4.2 Probing the Limit of CoT Tokens
In Section 3.3, we discover that intermediate values can be compressed in latent tokens. This naturally raises the question: to what extent could the values be compressed? To address this problem, we adopt some aggressive compression strategies and use linear probing classifiers to observe how the compression affects the final output.

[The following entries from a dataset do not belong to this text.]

lemma cos_poly_eq_mult_eq:
  fixes q q' :: "'d::finite \<Rightarrow> nat"
  shows "cos_poly (\<lambda>x. eq q x * eq q' x)"
proof -
  define a b where "a i = q i + q' i" and "b i = max (q i) (q' i) - min (q i) (q' i)" for i
  have cc: "cos (real (q i) * y) * cos (real (q' i) * y)
      = (cos (real (a i) * y) + cos (real (b i) * y)) / 2"
    for i y
  proof -
    have "cos (real (q i) * y - real (q' i) * y) = cos (real (b i) * y)"
      by (cases "q' i \<le> q i")
         (simp_all add: b_def of_nat_diff left_diff_distrib
            cos_minus[of "real (q i) * y - _", symmetric])
    then show ?thesis by (simp add: cos_times_cos a_def distrib_right add.commute)
  qed
  then have "eq q x * eq q' x = (\<Prod>i\<in>UNIV. (cos (real (a i) * x $ i) + cos (real (b i) * x $ i)) / 2)"
    for x by (simp only: eq_def prod.distrib[symmetric] cc)
  then have "eq q x * eq q' x
      = (1 / 2) ^ CARD('d) * (\<Prod>i\<in>UNIV. cos (real (a i) * x $ i) + cos (real (b i) * x $ i))" for x
    by (simp add: prod_dividef power_one_over)
  then show ?thesis using cos_poly_cmult[OF cos_poly_prod_cos_add_cos] by simp
qed

lemma cos_poly_mult:
  assumes "cos_poly p" "cos_poly p'" shows "cos_poly (\<lambda>x. p x * p' x)"
proof -
  obtain F c G d where F: "finite F" "p = cos_sum F c" and G: "finite G" "p' = cos_sum G d"
    using assms by (auto simp: cos_poly_def)
  have "(\<lambda>x. p x * p' x) = (\<lambda>x. \<Sum>q\<in>F. \<Sum>q'\<in>G. (c q * d q') * (eq q x * eq q' x))"
    unfolding F(2) G(2) by (simp add: cos_sum_def sum_product mult_ac)
  then show ?thesis
    using F G by (simp add: cos_poly_sum cos_poly_cmult cos_poly_eq_mult_eq)
qed

lemma continuous_on_cos_sum: "continuous_on S (cos_sum F c)"
  unfolding cos_sum_def[abs_def] by (intro continuous_intros continuous_on_eq)

lemma L2_cos_sum: "L2 (cos_sum F c)"
proof (rule L2_bounded)
  show "cos_sum F c \<in> borel_measurable cube_measure"
    by (rule borel_measurable_cube_continuous[OF continuous_on_cos_sum])
  show "\<bar>cos_sum F c x\<bar> \<le> (\<Sum>q\<in>F. \<bar>c q\<bar>)" for x
    unfolding cos_sum_def
    by (rule order_trans[OF sum_abs sum_mono]) (simp add: abs_mult mult_left_le abs_eq_le_1)
qed

lemma cos_poly_uniform_approx:
  fixes h :: "real^'d::finite \<Rightarrow> real"
  assumes h: "continuous_on (cbox 0 (\<chi> i. pi)) h" and e: "e > 0"
  shows "\<exists>p. cos_poly p \<and> (\<forall>x\<in>cbox 0 (\<chi> i. pi). \<bar>h x - p x\<bar> < e)"
proof -
  interpret function_ring_on "Collect cos_poly" "cbox 0 (\<chi> i. pi :: real^'d)"
  proof unfold_locales
    show "continuous_on (cbox 0 (\<chi> i. pi)) p" if "p \<in> Collect cos_poly" for p
      using that by (auto simp: cos_poly_def continuous_on_cos_sum)
    show "(\<lambda>x. p x + p' x) \<in> Collect cos_poly" "(\<lambda>x. p x * p' x) \<in> Collect cos_poly"
      if "p \<in> Collect cos_poly" "p' \<in> Collect cos_poly" for p p'
      using that by (simp_all add: cos_poly_add cos_poly_mult)
    show "(\<lambda>_. c) \<in> Collect cos_poly" for c by (simp add: cos_poly_const)
  next
    fix x y :: "real^'d"
    assume "x \<in> cbox 0 (\<chi> i. pi)" "y \<in> cbox 0 (\<chi> i. pi)" "x \<noteq> y"
    then obtain i where "x $ i \<noteq> y $ i" "0 \<le> x $ i" "x $ i \<le> pi" "0 \<le> y $ i" "y $ i \<le> pi"
      by (auto simp: mem_box_cart vec_eq_iff)
    then have "cos (x $ i) \<noteq> cos (y $ i)" using cos_inj_pi by blast
    moreover have "eq (\<lambda>j. if j = i then 1 else 0) z = cos (z $ i)" for z :: "real^'d"
    proof -
      have "eq (\<lambda>j. if j = i then 1 else 0) z = (\<Prod>j\<in>UNIV. if j = i then cos (z $ i) else 1)"
        unfolding eq_def by (intro prod.cong) auto
      then show ?thesis by simp
    qed
    ultimately show "\<exists>p\<in>Collect cos_poly. p x \<noteq> p y"
      using cos_poly_eq[of "\<lambda>j. if j = i then 1 else 0"]
      by (intro bexI[of _ "eq (\<lambda>j. if j = i then 1 else 0)"]) simp_all
  qed simp
  obtain P where P: "P \<in> UNIV \<rightarrow> Collect cos_poly"
    and lim: "uniform_limit (cbox 0 (\<chi> i. pi)) P h sequentially"
    using Stone_Weierstrass[OF h] by blast
  obtain n where "\<forall>x\<in>cbox 0 (\<chi> i. pi). dist (P n x) (h x) < e"
    using uniform_limitD[OF lim e] by (auto simp: eventually_sequentially)
  then show ?thesis using P by (intro exI[of _ "P n"]) (auto simp: dist_real_def abs_minus_commute)
qed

We choose 5*5 DP problems as the base problem and use the latent token setting in Section 3.3. Specifically, we introduce an alternative strategy that merges two adjacent latent tokens in a row to one latent token (Figure 7). In this way, this strategy yields a 3*3 CoT token matrix instead of a 5*5 matrix. However, the computational complexity between CoT tokens also increases: it would cost up to 3 times as much as in the original case.
For each CoT token <LAT>, we use a linear probe $P$ to probe its latent embedding $\mathbf{l}$ from the hidden states $\mathbf{h}_{k}$ on different layer $k$ of the previous token. We use a unique probe $P_{k}$ for each layer:
$$
P_{k}(\mathbf{h}_{k})=\mathbf{W}_{k}\mathbf{h}_{k}+\mathbf{b}_{k} \tag{5}
$$
where $\mathbf{W}_{k}$ and $\mathbf{b}_{k}$ are trainable parameters.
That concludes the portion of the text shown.